Wiele wskazuje na to, że rynek komputerów jest już nasycony.
Każdy, kto chce mieć komputer, już go ma i wcale nie musi co kilka lat
wymieniać peceta, by spełniał coraz to nowsze wymagania. Jeśli dziś klienci
kupują sprzęt wydajniejszy od tego, jaki był dostępny rok czy dwa temu, to
raczej dlatego że producenci komponentów zastępują poprzednie wersje sprzętu
nowszymi. Oczywiście są wyjątki – w przypadku gier komputerowych
„wyścig zbrojeń” – wymagania gry a możliwości sprzętu – będzie
zawsze aktualny.

 

Sprzętowa zmiana warty

Sprzedaż komputerów
w Polsce systematycznie spada od lat. Popyt na desktopy osiągnął apogeum
w 2007 r., gdy sprzedano ich 1,7 mln. Później zapotrzebowanie na
komputery było nadal duże, ale klienci zaczęli masowo wybierać sprzęt przenośny
zamiast stacjonarnego. Migracja nastąpiła bynajmniej nie dlatego, że wszyscy
nagle zaczęli potrzebować notebooka. Raczej takie maszyny stały się modne.
W ofertach sieci detalicznych specjalizujących się w sprzedaży
komputerów niekiedy zdarzało się, że w opisie produktu, bardzo dokładnym,
nie było informacji o czasie pracy na bateriach. To oznacza, że sami
sprzedawcy nie przykładali wagi do aspektu mobilności tego sprzętu.
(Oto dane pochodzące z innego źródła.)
lemma Lam_tail_bound:
  fixes N :: nat
  assumes pw: "pre_weight \<sigma>" and k: "1 \<le> k" and a: "a \<in> Lam_step \<sigma> k"
  defines "tail \<equiv> \<lambda>i. if i < N then 0 else a i"
  shows "tail \<in> Lam_step \<sigma> (2 * k)" and "Lam_norm \<sigma> (2 * k) tail \<le> Lam_norm \<sigma> k a * (1/2) ^ N"
proof -
  have k2: "1 \<le> 2 * k" using k by simp
  have L: "0 \<le> Lam_norm \<sigma> k a" by (rule Lam_norm_nonneg[OF a])
  have "cmod (tail j) \<le> Lam_norm \<sigma> k a * (1/2) ^ N * Lam_weight \<sigma> (2 * k) j" for j
  proof (cases "j < N")
    case True
    then show ?thesis using L by (simp add: tail_def Lam_weight_nonneg)
  next
    case False
    have "cmod (a j) \<le> Lam_norm \<sigma> k a * Lam_weight \<sigma> k j" by (rule Lam_step_coord_le[OF k a])
    also have "\<dots> \<le> Lam_norm \<sigma> k a * ((1/2) ^ j * Lam_weight \<sigma> (2 * k) j)"
      by (intro mult_left_mono L Lam_weight_le_double[OF pw k])
    also have "\<dots> \<le> Lam_norm \<sigma> k a * ((1/2) ^ N * Lam_weight \<sigma> (2 * k) j)"
      using False by (intro mult_left_mono L mult_right_mono power_decreasing Lam_weight_nonneg) auto
    finally show ?thesis using False by (simp add: tail_def mult.assoc)
  qed
  then show "tail \<in> Lam_step \<sigma> (2 * k)" and "Lam_norm \<sigma> (2 * k) tail \<le> Lam_norm \<sigma> k a * (1/2) ^ N"
    by (auto intro: Lam_stepI[OF k2] Lam_norm_le_coord[OF k2])
qed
Proces swoistej kanibalizacji rynku komputerów trwa do dziś.
Najpierw desktopy zostały wyparte przez notebooki, potem notebooki zaczęły być
wypierane przez netbooki, następnie w sprzedaży pojawiły się ultrabooki
i tablety. Teraz należy się spodziewać boomu na komputery hybrydowe, czyli
połączenie notebooka i tabletu. Kto będzie zwycięzcą w tej
ewolucyjnej rozgrywce? Wiele wskazuje na to, że wszystkie z wymienionych
typów komputerów są skazane na przegraną w obliczu inwazji smartphone’ów.




Sławomir Stanik

 

Country Manager Asusa

W
2013 r. sprzedaż notebooków zmniejszy się o 4 proc.
w stosunku do roku poprzedniego. Na popyt na standardowe modele laptopów
coraz większy wpływ będzie miał rosnący w lawinowym tempie popyt na
tablety. Analizy IDC wykazują, że w czwartym kwartale 2012 na rynek
trafiło 75 proc. więcej tabletów niż w analogicznym okresie poprzedniego
roku. W bieżącym roku spodziewamy się wzrostu sprzedaży tabletów
o ok. 50 proc. i sprzedaży na poziomie 700 – 800 tys.

 

 

Dwa komputery za pensję

CRN Polska od wielu lat
publikuje zestawienia opisujące ceny komputerów w odniesieniu do pensji
i innych dóbr. Wynika z nich jednoznacznie, że komputery ciągle
tanieją. W obecnej sytuacji zagrożenia ze strony smartphone’ów dalszy
spadek cen wydaje się dla pecetów receptą na przetrwanie.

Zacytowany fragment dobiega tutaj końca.